- _Work instructions_: Every line from the one with "using chain_bits_subset[OF vd" to the one with "by (rule inj_onI)", including those two, is to be copied exactly; all other lines of the entries below are left out.

- _Source records_:
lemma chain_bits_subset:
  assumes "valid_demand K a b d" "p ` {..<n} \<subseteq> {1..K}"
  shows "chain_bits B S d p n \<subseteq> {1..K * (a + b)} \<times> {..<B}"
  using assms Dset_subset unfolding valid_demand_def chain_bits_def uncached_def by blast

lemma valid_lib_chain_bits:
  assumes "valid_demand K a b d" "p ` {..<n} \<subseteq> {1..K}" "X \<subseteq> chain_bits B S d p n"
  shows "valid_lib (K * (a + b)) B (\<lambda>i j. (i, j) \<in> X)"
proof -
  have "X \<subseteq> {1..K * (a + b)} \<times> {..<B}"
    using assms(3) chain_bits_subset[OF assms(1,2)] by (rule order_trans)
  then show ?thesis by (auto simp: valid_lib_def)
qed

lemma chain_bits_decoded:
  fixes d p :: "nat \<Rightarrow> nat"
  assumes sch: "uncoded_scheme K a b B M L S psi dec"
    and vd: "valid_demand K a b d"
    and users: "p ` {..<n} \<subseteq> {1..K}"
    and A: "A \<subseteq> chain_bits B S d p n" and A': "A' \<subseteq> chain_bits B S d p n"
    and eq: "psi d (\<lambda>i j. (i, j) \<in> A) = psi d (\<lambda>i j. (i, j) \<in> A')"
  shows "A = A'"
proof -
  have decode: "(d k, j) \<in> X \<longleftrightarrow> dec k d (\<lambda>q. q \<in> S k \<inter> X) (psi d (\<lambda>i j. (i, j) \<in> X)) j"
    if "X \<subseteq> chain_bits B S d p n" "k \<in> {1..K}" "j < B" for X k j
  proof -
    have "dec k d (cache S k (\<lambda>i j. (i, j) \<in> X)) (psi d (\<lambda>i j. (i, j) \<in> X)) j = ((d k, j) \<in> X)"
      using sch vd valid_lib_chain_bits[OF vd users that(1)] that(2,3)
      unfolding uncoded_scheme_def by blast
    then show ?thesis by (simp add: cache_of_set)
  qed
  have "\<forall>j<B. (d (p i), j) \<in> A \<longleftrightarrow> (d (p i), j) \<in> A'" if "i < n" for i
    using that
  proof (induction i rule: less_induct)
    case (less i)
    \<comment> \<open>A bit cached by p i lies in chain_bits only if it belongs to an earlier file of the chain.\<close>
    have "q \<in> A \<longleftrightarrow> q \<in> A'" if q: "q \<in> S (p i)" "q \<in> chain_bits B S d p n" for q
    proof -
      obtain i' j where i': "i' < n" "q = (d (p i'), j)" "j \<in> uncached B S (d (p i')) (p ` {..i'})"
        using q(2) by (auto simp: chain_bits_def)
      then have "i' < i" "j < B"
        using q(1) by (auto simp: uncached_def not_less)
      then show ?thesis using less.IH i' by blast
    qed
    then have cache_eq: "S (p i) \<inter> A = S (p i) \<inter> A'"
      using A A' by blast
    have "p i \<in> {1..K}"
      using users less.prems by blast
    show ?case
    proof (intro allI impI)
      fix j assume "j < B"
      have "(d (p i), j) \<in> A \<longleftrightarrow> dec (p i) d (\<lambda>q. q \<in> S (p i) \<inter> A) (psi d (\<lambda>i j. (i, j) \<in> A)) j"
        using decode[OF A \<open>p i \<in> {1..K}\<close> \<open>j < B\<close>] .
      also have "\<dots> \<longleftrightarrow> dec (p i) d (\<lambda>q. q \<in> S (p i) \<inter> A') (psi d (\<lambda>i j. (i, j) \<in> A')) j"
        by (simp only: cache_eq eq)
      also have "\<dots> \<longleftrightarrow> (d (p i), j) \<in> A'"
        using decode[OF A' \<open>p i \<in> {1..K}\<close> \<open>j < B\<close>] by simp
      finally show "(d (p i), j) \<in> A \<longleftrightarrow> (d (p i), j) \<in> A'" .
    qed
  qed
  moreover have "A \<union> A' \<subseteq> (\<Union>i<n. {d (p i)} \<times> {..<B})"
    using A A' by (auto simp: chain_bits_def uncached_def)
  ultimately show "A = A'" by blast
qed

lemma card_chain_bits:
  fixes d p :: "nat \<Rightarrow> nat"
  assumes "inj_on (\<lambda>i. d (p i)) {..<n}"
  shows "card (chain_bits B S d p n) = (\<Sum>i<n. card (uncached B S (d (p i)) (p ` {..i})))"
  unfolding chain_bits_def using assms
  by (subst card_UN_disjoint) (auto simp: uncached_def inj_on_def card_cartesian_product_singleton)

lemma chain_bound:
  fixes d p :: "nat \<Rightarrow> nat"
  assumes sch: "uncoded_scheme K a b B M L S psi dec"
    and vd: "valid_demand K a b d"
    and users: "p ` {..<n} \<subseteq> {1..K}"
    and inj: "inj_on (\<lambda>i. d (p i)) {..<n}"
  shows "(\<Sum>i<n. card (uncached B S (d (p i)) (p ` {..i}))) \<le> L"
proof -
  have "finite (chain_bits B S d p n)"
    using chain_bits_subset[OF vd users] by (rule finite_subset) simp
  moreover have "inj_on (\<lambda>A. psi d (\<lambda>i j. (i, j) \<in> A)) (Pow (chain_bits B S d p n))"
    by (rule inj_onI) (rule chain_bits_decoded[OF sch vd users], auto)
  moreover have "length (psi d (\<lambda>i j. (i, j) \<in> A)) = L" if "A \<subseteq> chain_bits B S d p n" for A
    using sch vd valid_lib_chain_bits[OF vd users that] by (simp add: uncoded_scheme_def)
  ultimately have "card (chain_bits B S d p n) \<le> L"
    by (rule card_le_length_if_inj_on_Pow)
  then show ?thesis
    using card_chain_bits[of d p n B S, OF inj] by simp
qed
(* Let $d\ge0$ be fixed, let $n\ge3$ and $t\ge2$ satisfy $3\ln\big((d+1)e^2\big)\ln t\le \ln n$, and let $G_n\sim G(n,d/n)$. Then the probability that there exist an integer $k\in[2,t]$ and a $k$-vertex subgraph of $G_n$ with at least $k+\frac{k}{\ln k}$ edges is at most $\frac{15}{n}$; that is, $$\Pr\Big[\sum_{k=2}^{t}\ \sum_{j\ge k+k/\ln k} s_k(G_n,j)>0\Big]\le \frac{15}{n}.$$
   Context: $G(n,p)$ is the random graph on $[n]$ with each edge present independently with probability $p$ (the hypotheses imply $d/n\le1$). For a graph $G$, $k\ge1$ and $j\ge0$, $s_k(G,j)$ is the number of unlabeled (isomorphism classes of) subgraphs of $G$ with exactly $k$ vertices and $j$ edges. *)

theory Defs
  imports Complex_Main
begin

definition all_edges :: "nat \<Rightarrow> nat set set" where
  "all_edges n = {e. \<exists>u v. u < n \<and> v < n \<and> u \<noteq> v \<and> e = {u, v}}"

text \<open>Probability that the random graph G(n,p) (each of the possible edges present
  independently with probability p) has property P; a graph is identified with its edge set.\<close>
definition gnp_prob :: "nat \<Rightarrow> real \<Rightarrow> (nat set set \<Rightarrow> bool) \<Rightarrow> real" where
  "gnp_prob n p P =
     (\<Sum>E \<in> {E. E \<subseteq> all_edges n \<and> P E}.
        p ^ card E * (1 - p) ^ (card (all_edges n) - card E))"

- _Response area_:
    using chain_bits_subset[OF vd users] by (rule finite_subset) simp
  moreover have "inj_on (\<lambda>A. psi d (\<lambda>i j. (i, j) \<in> A)) (Pow (chain_bits B S d p n))"
    by (rule inj_onI) (rule chain_bits_decoded[OF sch vd users], auto)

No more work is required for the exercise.